Вы здесь

Разговор со своими. Глава 8. Победа! Строгий выговор (Т. А. Правдина, 2016)

Глава 8

Победа! Строгий выговор

Брось портфель! – Красная площадь. – Парад Победы. – Институт востоковедения. – Подстава. – Учеба в Ростокинском проезде. – Агитатор на выборах.


И, наконец, сорок пятый год! Девятое мая! Победа! И мой день рождения – семнадцать! Равным по размеру счастья был только день, когда я родила свою Катю. По иронии судьбы он пришелся на 22 июня – день начала войны. На мои возмущения по этому поводу замечательная старшая акушерка смеялась, говорила: «Потерпи».

Мама должна была 9 мая возвратиться от папы из Мичуринска, а три дня, что ее не было, у меня ночевала школьная подруга Оля Степанова. Радио у нас не работало, и мы с Ольгой выдвинулись в школу. Когда мы подошли к низу Колпачного переулка, спускавшегося от Маросейки, в середине которого и была наша 329-я школа, то нам навстречу, с горки, со всех ног неслась моя Ира. Она бежала и кричала только одно: «Брось портфель! Брось портфель!»

Ничего не понимая, я подчинилась, бросила, и тут налетела Ирка, которая, услыхав о Победе, в свою школу не пошла, а побежала ко мне. Так я узнала о Победе…

Мама приехала, привезла еды, которую тут же и съели за праздничным столом! С тех пор 9 мая два праздника – до конца моих дней.

Всей большой компанией – девочки из класса, наши мальчики и часть взрослых – пошли на Красную площадь. Площадь была заполнена людьми так плотно, как в автобусе или трамвае. В результате у меня свалилась туфля, потерялась, и я, чтобы не хромать, сняла вторую и шла в чулках.
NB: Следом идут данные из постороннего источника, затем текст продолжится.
lemma card_arcs_ge_connected:
  assumes sg: "simple_graph n E" and "connected_graph n E" and "0 < n"
  shows "2 * (n - 1) \<le> card (arcs n E)"
proof -
  obtain p rank :: "nat \<Rightarrow> nat"
    where p: "\<And>v. 0 < v \<Longrightarrow> v < n \<Longrightarrow> p v < n \<and> E v (p v) \<and> rank (p v) < rank v"
    using connected_graph_parent[OF assms] by blast
  define up where "up = (\<lambda>v. (v, p v)) ` {1..<n}"
  define down where "down = (\<lambda>v. (p v, v)) ` {1..<n}"
  have "card up = n - 1" "card down = n - 1"
    unfolding up_def down_def by (simp_all add: card_image inj_on_def)
  moreover have "up \<inter> down = {}"
  proof -
    have "(v, p v) \<noteq> (p w, w)" if "v \<in> {1..<n}" "w \<in> {1..<n}" for v w
    proof
      assume "(v, p v) = (p w, w)"
      then have "v = p w" "w = p v" by (metis prod.inject)+
      then have "rank w < rank v" "rank v < rank w"
        using p[of v] p[of w] that by auto
      then show False by simp
    qed
    then show ?thesis unfolding up_def down_def disjoint_iff by blast
  qed
  moreover have "up \<union> down \<subseteq> arcs n E"
  proof -
    have "(v, p v) \<in> arcs n E \<and> (p v, v) \<in> arcs n E" if "v \<in> {1..<n}" for v
    proof -
      have "p v < n" "E v (p v)" "v < n"
        using p[of v] that by auto
      then show ?thesis
        using sg unfolding arcs_def simple_graph_def by blast
    qed
    then show ?thesis unfolding up_def down_def by blast
  qed
  ultimately have "card (up \<union> down) = 2 * (n - 1)"
    unfolding up_def down_def by (simp add: card_Un_disjoint)
  with \<open>up \<union> down \<subseteq> arcs n E\<close> show ?thesis
    by (metis card_mono finite_arcs)
qed

lemma connected_graph_if_universal_vertex:
  assumes sg: "simple_graph n E" and "u < n" and "degree n E u = n - 1"
  shows "connected_graph n E"
proof -
  have "{j. j < n \<and> E u j} \<subseteq> {..<n} - {u}"
    using sg unfolding simple_graph_def by auto
  moreover have "card ({..<n} - {u}) = n - 1"
    using \<open>u < n\<close> by simp
  ultimately have "{j. j < n \<and> E u j} = {..<n} - {u}"
    using assms(3) unfolding degree_def by (intro card_subset_eq) auto
  then have "E u j" and "E j u" if "j < n" "j \<noteq> u" for j
    using that sg unfolding simple_graph_def by blast+
  then have "E\<^sup>*\<^sup>* u j" and "E\<^sup>*\<^sup>* j u" if "j < n" for j
    using that by (cases "j = u"; auto)+
  then show ?thesis
    unfolding connected_graph_def by (meson rtranclp_trans)
qed
lemma poly_over_sum: "(\<And>i. i \<in> I \<Longrightarrow> poly_over K (f i)) \<Longrightarrow> poly_over K (sum f I)"
  unfolding poly_over_def coeff_sum by (auto intro: subfield_sum[OF K])

end

lemma x_power_mult_pCons:
  "[:0, 1:] ^ r * pCons a p = smult a ([:0, 1:] ^ r) + [:0, 1:] ^ Suc r * p"
proof -
  have "pCons a p = [:a:] + [:0, 1:] * p"
    by (simp add: poly_eq_iff coeff_pCons split: nat.split)
  then show ?thesis
    by (simp add: algebra_simps)
qed

lemma pow_mat_zero_ge:
  assumes "A \<in> carrier_mat n n" and "A ^\<^sub>m m = 0\<^sub>m n n" and "m \<le> j"
  shows "A ^\<^sub>m j = 0\<^sub>m n n"
  using assms(3) by (induct j rule: dec_induct) (use assms(1,2) in auto)

lemma poly_mat_x_power_mult_entries:
  assumes K: "is_subfield K" and A: "A \<in> carrier_mat n n" and "poly_over K p"
    and "\<And>j. r \<le> j \<Longrightarrow> mat_entries (A ^\<^sub>m j) \<subseteq> K"
  shows "mat_entries (poly_mat ([:0, 1:] ^ r * p) A) \<subseteq> K"
  using assms(3,4)
proof (induct p arbitrary: r rule: pCons_induct)
  case 0
  then show ?case
    using A mat_entries_zero_subfield[OF K] by simp
next
  case (pCons a p)
  have "poly_mat ([:0, 1:] ^ r * pCons a p) A
      = a \<cdot>\<^sub>m A ^\<^sub>m r + poly_mat ([:0, 1:] ^ Suc r * p) A"
    using A by (simp add: x_power_mult_pCons poly_mat_add poly_mat_smult poly_mat_power)
  moreover have "mat_entries (poly_mat ([:0, 1:] ^ Suc r * p) A) \<subseteq> K"
    using pCons by (intro pCons.hyps(2)) (auto simp: poly_over_pCons_iff)
  moreover have "mat_entries (a \<cdot>\<^sub>m A ^\<^sub>m r) \<subseteq> K"
    using pCons.prems by (simp add: poly_over_pCons_iff mat_entries_smult_subfield[OF K])
  ultimately show ?case
    using A by (simp add: mat_entries_add_subfield[OF K])
qed

lemma pow_mat_entries_descend:
  assumes K: "is_subfield K" and T: "T \<in> carrier_mat n n"
    and u: "poly_over K u" "coeff u 0 \<noteq> 0"
    and N: "mat_entries (poly_mat ([:0, 1:] * u) T) \<subseteq> K"
    and higher: "\<And>j. r < j \<Longrightarrow> mat_entries (T ^\<^sub>m j) \<subseteq> K"
  shows "mat_entries (T ^\<^sub>m r) \<subseteq> K"
proof -
  define c where "c = coeff (u ^ r) 0"
  obtain q where uq: "u ^ r = pCons c q"
    by (metis c_def pCons_cases coeff_pCons_0)
  have c_in_K: "c \<in> K"
    using poly_over_power[OF K u(1), of r] unfolding c_def poly_over_def by blast
  have c_nonzero: "c \<noteq> 0"
    using u(2) by (simp add: c_def coeff_0_power)
  have q: "poly_over K q"
    using poly_over_power[OF K u(1), of r] by (simp add: uq poly_over_pCons_iff)
  define E where "E = poly_mat ([:0, 1:] ^ Suc r * q) T"
  have Ec: "E \<in> carrier_mat n n"
    unfolding E_def using T by (rule poly_mat_carrier)
  have "([:0, 1:] * u) ^ r = smult c ([:0, 1:] ^ r) + [:0, 1:] ^ Suc r * q"
    by (simp only: power_mult_distrib uq x_power_mult_pCons)
  then have Nr: "poly_mat ([:0, 1:] * u) T ^\<^sub>m r = c \<cdot>\<^sub>m T ^\<^sub>m r + E"
    unfolding E_def poly_mat_power[OF T, symmetric]
    by (simp add: poly_mat_add[OF T] poly_mat_smult[OF T] poly_mat_power[OF T] poly_mat_x[OF T])
  have Nr_entries: "mat_entries (poly_mat ([:0, 1:] * u) T ^\<^sub>m r) \<subseteq> K"
    using mat_entries_pow_subfield[OF K poly_mat_carrier[OF T] N] .
  have E_entries: "mat_entries E \<subseteq> K"
    unfolding E_def using higher by (intro poly_mat_x_power_mult_entries[OF K T q]) simp
  have "(T ^\<^sub>m r) $$ (i, j) \<in> K" if "i < n" "j < n" for i j
  proof -
    have "(T ^\<^sub>m r) $$ (i, j) = ((poly_mat ([:0, 1:] * u) T ^\<^sub>m r) $$ (i, j) - E $$ (i, j)) / c"
      unfolding Nr using that T c_nonzero Ec by simp
    also have "\<dots> \<in> K"
      using Nr_entries E_entries that T Ec c_in_K
      by (intro subfield_divide[OF K] subfield_diff[OF K]) (auto simp: mat_entries_subset_iff)
    finally show ?thesis .
  qed
  then show ?thesis
    unfolding mat_entries_subset_iff pow_mat_dim_square[OF T] by blast
qed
Ведь если ты в счастье – не простудишься!

Вот уж когда было действительно всенародное единство, счастливые лица людей, радующихся друг другу!

* * *

Парад Победы (когда к мавзолею бросали немецкие знамена) и демонстрация после него происходили 24 июня. Мы, женская школа, тоже шли, очень веселясь, в этой демонстрации. Пошел дождь, мы были в это время у Ильинских ворот, рядом с Политехническим музеем. Казалось бы, великий момент, а вспоминаются дурацкие мелочи: все были одеты по-летнему, зонтиков не было. Дождь был сильный, все промокли, но хохотали до упаду: на одной из наших девочек было «трофейное» немецкое платье из синтетики, которой мы еще не знали, и вдруг, намокая, оно стало съеживаться, уменьшаясь в размерах. Так что бедная Галя оказалась в мини-перемини, а это тогда было совсем невозможно. Укрывали ее, обвязывая шарфиками и кофточками. Так и провели по Красной площади!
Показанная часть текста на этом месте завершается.